text \<open>Let arm \<open>a\<close> always return the maximal delay \<open>D\<close> (reward 1) and every other arm
  return \<open>\<lfloor>dbar\<rfloor>\<close> or \<open>\<lfloor>dbar\<rfloor> + 1\<close> with mean \<open>dbar\<close> (reward at most 1/2). No delay is
  shorter than \<open>\<lfloor>dbar\<rfloor>\<close>, so during its first \<open>w = max 1 \<lfloor>dbar\<rfloor>\<close> rounds the agent receives no
  feedback at all and the distribution of its first \<open>w\<close> pulls does not depend on \<open>a\<close>. One of
  the arms 0 and 1 is avoided in expectation at least \<open>w/2\<close> times in these rounds; if it is
  the good arm, every avoidance costs at least 1/2, so the regret is at least
  \<open>w/4 \<ge> dbar/8\<close>.\<close>

lemma expectation_bind_pmf_finite:
  fixes g :: "'b \<Rightarrow> real"
  assumes "finite (set_pmf p)" "\<And>x. x \<in> set_pmf p \<Longrightarrow> finite (set_pmf (f x))"
  shows "measure_pmf.expectation (bind_pmf p f) g =
         measure_pmf.expectation p (\<lambda>x. measure_pmf.expectation (f x) g)"
  using assms
  by (subst pmf_expectation_bind[of "set_pmf p"], simp_all,
      subst integral_measure_pmf[of "set_pmf p"], auto)

lemma finite_set_pmf_policy:
  "valid_policy K pol \<Longrightarrow> finite (set_pmf (pol t obs))"
  unfolding valid_policy_def by (meson finite_lessThan finite_subset)

lemma set_pmf_runD:
  "h \<in> set_pmf (run pol P t) \<Longrightarrow>
     length h = t \<and> (\<forall>(i, d)\<in>set h. d \<in> set_pmf (P i))"
  by (induction t arbitrary: h) fastforce+

lemma finite_set_pmf_run:
  assumes "valid_policy K pol" "\<And>i. finite (set_pmf (P i))"
  shows "finite (set_pmf (run pol P t))"
  using assms finite_set_pmf_policy[OF assms(1)] by (induction t) simp_all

--- TASK ITEM ---
Search the entries for the word "rounds" and copy every line that has it.

--- RESPONSE BELOW ---
  shorter than \<open>\<lfloor>dbar\<rfloor>\<close>, so during its first \<open>w = max 1 \<lfloor>dbar\<rfloor>\<close> rounds the agent receives no
  the arms 0 and 1 is avoided in expectation at least \<open>w/2\<close> times in these rounds; if it is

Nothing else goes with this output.